**Task description**
Find every line below with the string "assms" and pick it out.

========================================

(* Let $(\mathcal{L},[\cdot,\cdot,\cdot]_{\mathcal{L}})$ be a (right) $3$-Leibniz algebra over a field $\mathbb{K}$. Then the linear map $R$ on $(\mathbb{K}\oplus(\mathcal{L}\otimes\mathcal{L}))^{\otimes 2}$ given by $R\big((a,x_1\otimes x_2)\otimes(b,y_1\otimes y_2)\big)=(b,y_1\otimes y_2)\otimes(a,x_1\otimes x_2)+(1,0)\otimes\big(0,[x_1,y_1,y_2]_{\mathcal{L}}\otimes x_2+x_1\otimes[x_2,y_1,y_2]_{\mathcal{L}}\big)$ (extended linearly in the $\mathcal{L}\otimes\mathcal{L}$ components) is a solution of the Yang-Baxter equation on $\mathbb{K}\oplus(\mathcal{L}\otimes\mathcal{L})$.
   Context: A (right) $3$-Leibniz algebra is a vector space $\mathcal{L}$ with a trilinear map $[\cdot,\cdot,\cdot]_{\mathcal{L}}$ such that $[[x_1,x_2,x_3]_{\mathcal{L}},y_1,y_2]_{\mathcal{L}}=[[x_1,y_1,y_2]_{\mathcal{L}},x_2,x_3]_{\mathcal{L}}+[x_1,[x_2,y_1,y_2]_{\mathcal{L}},x_3]_{\mathcal{L}}+[x_1,x_2,[x_3,y_1,y_2]_{\mathcal{L}}]_{\mathcal{L}}$. A solution of the Yang-Baxter equation on $V$ is an invertible linear $R:V\otimes V\to V\otimes V$ with $(R\otimes\mathrm{Id})(\mathrm{Id}\otimes R)(R\otimes\mathrm{Id})=(\mathrm{Id}\otimes R)(R\otimes\mathrm{Id})(\mathrm{Id}\otimes R)$. *)

theory Defs
  imports Main
begin

text \<open>A vector space over a field 'k with basis indexed by a set S is modelled as
  the finitely supported coordinate functions supported in S.  Every vector
  space has a basis, so this is no loss of generality; tensor products of
  spaces with bases S and T have basis S \<times> T, and a direct sum has the
  disjoint union of the bases as basis.\<close>

definition fs_on :: "'i set \<Rightarrow> ('i \<Rightarrow> 'k::zero) set" where
  "fs_on S = {f. finite {i. f i \<noteq> 0} \<and> {i. f i \<noteq> 0} \<subseteq> S}"

text \<open>Linear extension of a map given on basis vectors: g i is the image of e_i.\<close>
definition lin_ext :: "('i \<Rightarrow> 'j \<Rightarrow> 'k::field) \<Rightarrow> ('i \<Rightarrow> 'k) \<Rightarrow> ('j \<Rightarrow> 'k)" where
  "lin_ext g f = (\<lambda>j. \<Sum>i\<in>{i. f i \<noteq> 0}. f i * g i j)"

definition tri_ext :: "('b \<Rightarrow> 'b \<Rightarrow> 'b \<Rightarrow> 'b \<Rightarrow> 'k::field)
    \<Rightarrow> ('b \<Rightarrow> 'k) \<Rightarrow> ('b \<Rightarrow> 'k) \<Rightarrow> ('b \<Rightarrow> 'k) \<Rightarrow> ('b \<Rightarrow> 'k)" where
  "tri_ext br x y z = (\<lambda>d. \<Sum>a\<in>{a. x a \<noteq> 0}. \<Sum>b\<in>{b. y b \<noteq> 0}. \<Sum>c\<in>{c. z c \<noteq> 0}.
       x a * y b * z c * br a b c d)"

text \<open>(Right) 3-Leibniz algebra on L with basis B: br a b c is the coordinate vector of
  [e_a, e_b, e_c], and the extended trilinear bracket satisfies the 3-Leibniz identity.\<close>
definition leibniz3 :: "'b set \<Rightarrow> ('b \<Rightarrow> 'b \<Rightarrow> 'b \<Rightarrow> 'b \<Rightarrow> 'k::field) \<Rightarrow> bool" where
  "leibniz3 B br \<longleftrightarrow>
     (\<forall>a\<in>B. \<forall>b\<in>B. \<forall>c\<in>B. br a b c \<in> fs_on B) \<and>
     (\<forall>x1\<in>fs_on B. \<forall>x2\<in>fs_on B. \<forall>x3\<in>fs_on B. \<forall>y1\<in>fs_on B. \<forall>y2\<in>fs_on B.
        tri_ext br (tri_ext br x1 x2 x3) y1 y2 =
          (\<lambda>d. tri_ext br (tri_ext br x1 y1 y2) x2 x3 d
              + tri_ext br x1 (tri_ext br x2 y1 y2) x3 d
              + tri_ext br x1 x2 (tri_ext br x3 y1 y2) d))"

text \<open>Basis of V = K \<oplus> (L \<otimes> L): None is (1,0), Some (a,b) is (0, e_a \<otimes> e_b).\<close>
definition Vbasis :: "'b set \<Rightarrow> ('b \<times> 'b) option set" where
  "Vbasis B = insert None (Some ` (B \<times> B))"

definition kdelta :: "'a \<Rightarrow> 'a \<Rightarrow> 'k::field" where
  "kdelta x y = (if x = y then 1 else 0)"

text \<open>Images of basis vectors e_i \<otimes> e_j of V \<otimes> V under R:
  R((a,x)\<otimes>(b,y)) = (b,y)\<otimes>(a,x) + (1,0)\<otimes>(0,[x1,y1,y2]\<otimes>x2 + x1\<otimes>[x2,y1,y2]).\<close>
definition Rbasis :: "('b \<Rightarrow> 'b \<Rightarrow> 'b \<Rightarrow> 'b \<Rightarrow> 'k::field)
   \<Rightarrow> ('b \<times> 'b) option \<times> ('b \<times> 'b) option \<Rightarrow> ('b \<times> 'b) option \<times> ('b \<times> 'b) option \<Rightarrow> 'k" where
  "Rbasis br ij pq =
     kdelta (snd ij, fst ij) pq +
     (case ij of
        (Some (x1, x2), Some (y1, y2)) \<Rightarrow>
          (case pq of
             (None, Some (c, d)) \<Rightarrow> br x1 y1 y2 c * kdelta d x2 + kdelta c x1 * br x2 y1 y2 d
           | _ \<Rightarrow> 0)
      | _ \<Rightarrow> 0)"

definition tensor_id_right :: "('i \<times> 'i \<Rightarrow> 'i \<times> 'i \<Rightarrow> 'k::field) \<Rightarrow> 'i \<times> 'i \<times> 'i \<Rightarrow> 'i \<times> 'i \<times> 'i \<Rightarrow> 'k" where
  "tensor_id_right g = (\<lambda>(p, q, r) (p', q', r'). g (p, q) (p', q') * kdelta r r')"

definition tensor_id_left :: "('i \<times> 'i \<Rightarrow> 'i \<times> 'i \<Rightarrow> 'k::field) \<Rightarrow> 'i \<times> 'i \<times> 'i \<Rightarrow> 'i \<times> 'i \<times> 'i \<Rightarrow> 'k" where
  "tensor_id_left g = (\<lambda>(p, q, r) (p', q', r'). kdelta p p' * g (q, r) (q', r'))"

definition YBE_solution :: "'i set \<Rightarrow> ('i \<times> 'i \<Rightarrow> 'i \<times> 'i \<Rightarrow> 'k::field) \<Rightarrow> bool" where
  "YBE_solution I g \<longleftrightarrow>
     (\<forall>ij\<in>I \<times> I. g ij \<in> fs_on (I \<times> I)) \<and>
     bij_betw (lin_ext g) (fs_on (I \<times> I)) (fs_on (I \<times> I)) \<and>
     (\<forall>w\<in>fs_on (I \<times> I \<times> I).
        lin_ext (tensor_id_right g) (lin_ext (tensor_id_left g) (lin_ext (tensor_id_right g) w)) =
        lin_ext (tensor_id_left g) (lin_ext (tensor_id_right g) (lin_ext (tensor_id_left g) w)))"

end

theory Submission
  imports Defs "HOL-Library.Function_Algebras"
begin

(* The theorem is an instance of a statement about any right Leibniz algebra A: on K \<oplus> A, with
  K central and all brackets in A, the map R(x \<otimes> y) = y \<otimes> x + 1 \<otimes> [x, y] solves the
  Yang-Baxter equation. On a pure tensor x \<otimes> y \<otimes> z both sides of the braid relation expand to
  the same terms, except that 1 \<otimes> 1 \<otimes> [[x, y], z] on one side meets
  1 \<otimes> 1 \<otimes> ([[x, z], y] + [x, [y, z]]) on the other, so the braid relation is the Leibniz
  identity. R is invertible because its correction term only sees the A \<otimes> A component of its
  argument and takes values in 1 \<otimes> A.
  L \<otimes> L with [x1 \<otimes> x2, y1 \<otimes> y2] = [x1, y1, y2] \<otimes> x2 + x1 \<otimes> [x2, y1, y2] is a right
  Leibniz algebra: its Leibniz identity is the 3-Leibniz identity applied in each factor. *)

section \<open>Finitely supported coordinate vectors\<close>

abbreviation finsupp :: "('i \<Rightarrow> 'k::zero) \<Rightarrow> bool" where
  "finsupp f \<equiv> finite {i. f i \<noteq> 0}"

lemma sum_mult_kdelta:
  assumes "finite U" "{p. u p \<noteq> 0} \<subseteq> U"
  shows "(\<Sum>p\<in>U. u p * kdelta p p') = u p'"
proof -
  have "(\<Sum>p\<in>U. u p * kdelta p p') = (\<Sum>p\<in>U. if p = p' then u p else 0)"
    by (intro sum.cong) (auto simp: kdelta_def)
  also have "\<dots> = u p'"
    using assms by (auto simp: sum.delta')
  finally show ?thesis .
qed

lemma sum_mult_kdelta_mult:
  assumes "finite U" "{p. u p \<noteq> 0} \<subseteq> U"
  shows "(\<Sum>p\<in>U. u p * kdelta p p' * K p) = u p' * K p'"
  using sum_mult_kdelta[of U "\<lambda>p. u p * K p" p'] assms by (auto simp: mult_ac)

lemma lin_ext_superset:
  assumes "finite S" "{i. f i \<noteq> 0} \<subseteq> S"
  shows "lin_ext g f j = (\<Sum>i\<in>S. f i * g i j)"
  unfolding lin_ext_def by (rule sum.mono_neutral_left) (use assms in auto)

========================================

**Solution**
    using assms by (auto simp: sum.delta')
  using sum_mult_kdelta[of U "\<lambda>p. u p * K p" p'] assms by (auto simp: mult_ac)
  unfolding lin_ext_def by (rule sum.mono_neutral_left) (use assms in auto)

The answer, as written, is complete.